Your contradicting yourself.

And atleast I have an avatar.

Fool.

tweet[/quote]

There was a wink, knucklehead, connoting a little fun – apparently the stick up your ass has a stick up its ass.

And no, there was no contradiction: there are different kinds of conditioning, reasons for achieving it, and ways to go about it – all under the general rubric of “conditioning”. Obvious, but I guess you and critical thinking are two.

Congratulations on your avatar; when I have achieved a slavish wannabe devotionalism, maybe I can have one, too.

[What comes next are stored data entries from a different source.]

(* Let $X, B_1, \dots, B_n$ be $d\times d$ symmetric positive definite matrices and let $\phi(\alpha) := \delta_R^2\big(\sum_{i=1}^n \alpha_i B_i, X\big)$ for $\alpha \in \mathbb{R}^n$. Then $\phi$ is convex on the set $$\mathcal{A} := \Big\{\alpha \in \mathbb{R}^n \;\Big|\; \sum_{i=1}^n \alpha_i B_i \preceq X \text{ and } \alpha \ge 0\Big\}.$$
   Context: For symmetric positive definite $X, Y$, $\delta_R(X,Y) = \|\log(X^{-1/2} Y X^{-1/2})\|_F$ with $\log$ the principal matrix logarithm and $\|\cdot\|_F$ the Frobenius norm; $\phi(\alpha)$ is defined when $\sum_i \alpha_i B_i$ is positive definite. $\preceq$ denotes the Löwner order ($A \preceq B$ iff $B - A$ is positive semidefinite), and $\alpha \ge 0$ means entrywise nonnegativity. *)

theory Defs
  imports "HOL-Analysis.Analysis"
begin

text \<open>Square real matrices are represented as real^'d^'d; the (Euclidean)
norm on this type is exactly the Frobenius norm.\<close>

definition sym_mat :: "real^'d^'d \<Rightarrow> bool" where
  "sym_mat A \<longleftrightarrow> transpose A = A"

definition pos_def :: "real^'d^'d \<Rightarrow> bool" where
  "pos_def A \<longleftrightarrow> sym_mat A \<and> (\<forall>x. x \<noteq> 0 \<longrightarrow> x \<bullet> (A *v x) > 0)"

definition pos_semidef :: "real^'d^'d \<Rightarrow> bool" where
  "pos_semidef A \<longleftrightarrow> sym_mat A \<and> (\<forall>x. x \<bullet> (A *v x) \<ge> 0)"

definition loewner_le :: "real^'d^'d \<Rightarrow> real^'d^'d \<Rightarrow> bool" where
  "loewner_le A B \<longleftrightarrow> pos_semidef (B - A)"

fun mat_pow :: "real^'d^'d \<Rightarrow> nat \<Rightarrow> real^'d^'d" where
  "mat_pow A 0 = mat 1"
| "mat_pow A (Suc k) = A ** mat_pow A k"

definition mat_exp :: "real^'d^'d \<Rightarrow> real^'d^'d" where
  "mat_exp L = (\<Sum>k. (1 / fact k) *\<^sub>R mat_pow L k)"

definition mat_log :: "real^'d^'d \<Rightarrow> real^'d^'d" where
  "mat_log A = (THE L. sym_mat L \<and> mat_exp L = A)"

definition mat_sqrt :: "real^'d^'d \<Rightarrow> real^'d^'d" where
  "mat_sqrt A = (THE S. pos_def S \<and> S ** S = A)"

definition delta_R :: "real^'d^'d \<Rightarrow> real^'d^'d \<Rightarrow> real" where
  "delta_R X Y = norm (mat_log (matrix_inv (mat_sqrt X) ** Y ** matrix_inv (mat_sqrt X)))"

end

theory Submission
  imports Defs
begin
lemma card_dt_out_Probe_le:
  "card (dt_out (Probe i t0 t1) ` X)
     \<le> card (dt_out t1 ` {B\<in>X. B ! (i - 1)}) + card (dt_out t0 ` {B\<in>X. \<not> B ! (i - 1)})"
proof -
  have "dt_out (Probe i t0 t1) ` X
          = dt_out t1 ` {B\<in>X. B ! (i - 1)} \<union> dt_out t0 ` {B\<in>X. \<not> B ! (i - 1)}"
    by (auto simp: image_iff)
  then show ?thesis by (simp add: card_Un_le)
qed

text \<open>D and F are the data and the redundant positions not yet read along the path
  that leads to the inputs X.\<close>

definition probe_invariant :: "nat set \<Rightarrow> nat set \<Rightarrow> nat \<Rightarrow> nat \<Rightarrow> bool list set \<Rightarrow> bool" where
  "probe_invariant D F a b X \<longleftrightarrow> finite D \<and> finite F \<and> card F \<le> b \<and>
     agree_outside (D \<union> F) X \<and> (\<forall>B\<in>X. card {q\<in>D. B ! q} \<le> a)"

lemma probe_invariant_subset:
  "probe_invariant D F a b X \<Longrightarrow> Y \<subseteq> X \<Longrightarrow> probe_invariant D F a b Y"
  unfolding probe_invariant_def agree_outside_def by blast

lemma probe_invariant_data:
  assumes inv: "probe_invariant D F a b X" and "q \<in> D"
  shows "probe_invariant (D - {q}) F a b {B\<in>X. \<not> B ! q}"
    and "probe_invariant (D - {q}) F (a - 1) b {B\<in>X. B ! q}"
    and "a = 0 \<Longrightarrow> {B\<in>X. B ! q} = {}"
proof -
  have fin: "finite D" and ones: "\<forall>B\<in>X. card {q\<in>D. B ! q} \<le> a"
    using inv by (simp_all add: probe_invariant_def)
  have agree: "agree_outside (D - {q} \<union> F) {B\<in>X. \<not> B ! q}"
      "agree_outside (D - {q} \<union> F) {B\<in>X. B ! q}"
    using inv agree_outside_restrict[of "D \<union> F" X q "D - {q} \<union> F"]
    by (auto simp: probe_invariant_def)
  have "card {q'\<in>D - {q}. B ! q'} \<le> card {q'\<in>D. B ! q'}" for B
    using fin by (intro card_mono) auto
  then show "probe_invariant (D - {q}) F a b {B\<in>X. \<not> B ! q}"
    using inv agree(1) ones by (auto simp: probe_invariant_def intro: order_trans)
  have "card {q'\<in>D - {q}. B ! q'} = card {q'\<in>D. B ! q'} - 1" if "B ! q" for B
  proof -
    have "{q'\<in>D - {q}. B ! q'} = {q'\<in>D. B ! q'} - {q}" by auto
    then show ?thesis using that \<open>q \<in> D\<close> fin by (simp add: card_Diff_singleton)
  qed
  then show "probe_invariant (D - {q}) F (a - 1) b {B\<in>X. B ! q}"
    using inv agree(2) ones by (auto simp: probe_invariant_def diff_le_mono)
  show "{B\<in>X. B ! q} = {}" if "a = 0"
    using ones fin \<open>q \<in> D\<close> that by (force simp: card_eq_0_iff)
qed

lemma probe_invariant_redundant:
  assumes inv: "probe_invariant D F a b X" and "q \<in> F - D"
  shows "0 < b"
    and "probe_invariant D (F - {q}) a (b - 1) {B\<in>X. \<not> B ! q}"
    and "probe_invariant D (F - {q}) a (b - 1) {B\<in>X. B ! q}"
proof -
  have "finite F" "card F \<le> b" using inv by (simp_all add: probe_invariant_def)
  then show "0 < b" using \<open>q \<in> F - D\<close> card_gt_0_iff[of F] by auto
  have "card (F - {q}) \<le> b - 1"
    using \<open>finite F\<close> \<open>card F \<le> b\<close> \<open>q \<in> F - D\<close> by (simp add: card_Diff_singleton)
  moreover have "agree_outside (D \<union> (F - {q})) {B\<in>X. \<not> B ! q}"
    and "agree_outside (D \<union> (F - {q})) {B\<in>X. B ! q}"
    using inv agree_outside_restrict[of "D \<union> F" X q "D \<union> (F - {q})"]
    by (auto simp: probe_invariant_def)
  ultimately show "probe_invariant D (F - {q}) a (b - 1) {B\<in>X. \<not> B ! q}"
    and "probe_invariant D (F - {q}) a (b - 1) {B\<in>X. B ! q}"
    using inv by (auto simp: probe_invariant_def)
qed

lemma probe_invariant_fixed:
  assumes "probe_invariant D F a b X" and "q \<notin> D \<union> F"
  shows "{B\<in>X. B ! q} = {} \<or> {B\<in>X. \<not> B ! q} = {}"
  using assms unfolding probe_invariant_def agree_outside_def by blast

lemma card_dt_out_le_probe_bound:
  assumes "probe_invariant D F a b X" and "\<forall>B\<in>X. dt_probes T B \<le> k"
  shows "card (dt_out T ` X) \<le> probe_bound k a b"
  using assms
proof (induction T arbitrary: X D F k a b)
  case (Out x)
  have "card (dt_out (Out x) ` X) \<le> card {x}" by (intro card_mono) auto
  then show ?case using probe_bound_pos[of k a b] by simp
next
  case (Probe i t0 t1)
  define q where "q = i - 1"
  define X0 X1 where "X0 = {B\<in>X. \<not> B ! q}" and "X1 = {B\<in>X. B ! q}"
  show ?case
  proof (cases "X = {}")
    case False
    then obtain k' where k: "k = Suc k'"
      using Probe.prems(2) by (metis dt_probes.simps(2) equals0I not0_implies_Suc le_zero_eq)
    have depth: "\<forall>B\<in>X0. dt_probes t0 B \<le> k'" "\<forall>B\<in>X1. dt_probes t1 B \<le> k'"
      using Probe.prems(2) by (auto simp: X0_def X1_def q_def k)
    have split: "card (dt_out (Probe i t0 t1) ` X) \<le> card (dt_out t1 ` X1) + card (dt_out t0 ` X0)"
      unfolding X0_def X1_def q_def by (rule card_dt_out_Probe_le)
    consider "q \<in> D" | "q \<in> F - D" | "q \<notin> D \<union> F" by blast
    then show ?thesis
    proof cases
      case 1
      note inv = probe_invariant_data[OF Probe.prems(1) 1, folded X0_def X1_def]
      have c0: "card (dt_out t0 ` X0) \<le> probe_bound k' a b"
        using inv(1) depth(1) by (rule Probe.IH(1))
      show ?thesis
      proof (cases "a = 0")
        case True
        then show ?thesis using split c0 inv(3) probe_bound_Suc[of k' a b] k by simp
      next
        case False
        have "card (dt_out t1 ` X1) \<le> probe_bound k' (a - 1) b"
          using inv(2) depth(2) by (rule Probe.IH(2))
        then show ?thesis using split c0 probe_bound_Suc_data[of a k' b] False k by simp
      qed
    next
      case 2
      note inv = probe_invariant_redundant[OF Probe.prems(1) 2, folded X0_def X1_def]
      have "card (dt_out t0 ` X0) \<le> probe_bound k' a (b - 1)"
        and "card (dt_out t1 ` X1) \<le> probe_bound k' a (b - 1)"
        using Probe.IH inv(2,3) depth by blast+
      then show ?thesis using split probe_bound_Suc_redundant[OF inv(1), of k' a] k by simp
    next
      case 3
      have "X0 \<subseteq> X" "X1 \<subseteq> X" by (auto simp: X0_def X1_def)
      then have "card (dt_out t0 ` X0) \<le> probe_bound k' a b"
        and "card (dt_out t1 ` X1) \<le> probe_bound k' a b"
        using Probe.IH probe_invariant_subset[OF Probe.prems(1)] depth by blast+
      moreover have "X1 = {} \<or> X0 = {}"
        using probe_invariant_fixed[OF Probe.prems(1) 3] by (simp add: X0_def X1_def)
      ultimately show ?thesis using split probe_bound_Suc[of k' a b] k by auto
    qed
  qed simp
qed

Finally, may I recommend a remedial grammar class before you cast more aspersions on intelligence? Your call, but it was a good laugh either way.

[quote]TisDrew wrote:
I swam in high school and did club swimming in college. It CAN be an amazing workout considering it’s basically 2-hours of sprinting. But if you don’t know what you’re doing and you don’t push yourself, it can be about as useful for conditioning as walking a mile over the course of a half-hour. When you push yourself with swimming, it’s on a whole different level and you’ll think you won’t be able to keep going, but you’ll be surprised. First, learn correct form. This makes it possible to swim faster. However, this is going to be a lot harder breathing-wise. This is why swimmers have amazing lung capacities. Also, just like with most other things, if you have shit form, you’re likely to get injured. Really, if you swim your whole workout week-in, week-out with crap form, you’ll probably get shoulder problems (been there). Second, search around for swim workouts. Swimplan.com is a website I have used in the past if you’re too lazy to look anything up on your own. Third, I need to stress that you need to push yourself really hard to get the benefits of swimming. Treat it like sprints and keep the rest times extremely low (pretty much, anything over 30-45sec is a no-no). In fact, 15 seconds should be a normal rest time for the shorter distances (100yards or less). The workouts should sound and feel intimidating but they’ll make you awesome.

It’s not about how fast you swim. It’s not about how far you swim. It’s about how far you swim fast.[/quote]
Sweet post man! I also swam in high school & college. Started lifting junior year in high school, was in the best shape of my life for the remaining 6 years of school. Wish I could find a decent pool that didn’t cost a buttload to use.

Anywhoo, everything in this quote is correct, I run & do hill sprints & tire drags & car pushes. . . . never been leaner then when I was swimming competively. . . sigh. . .

Swimming is good for recovery.

It’s not running though. For conditioning, run miles and sprints.

The benefits will far outweigh swimming.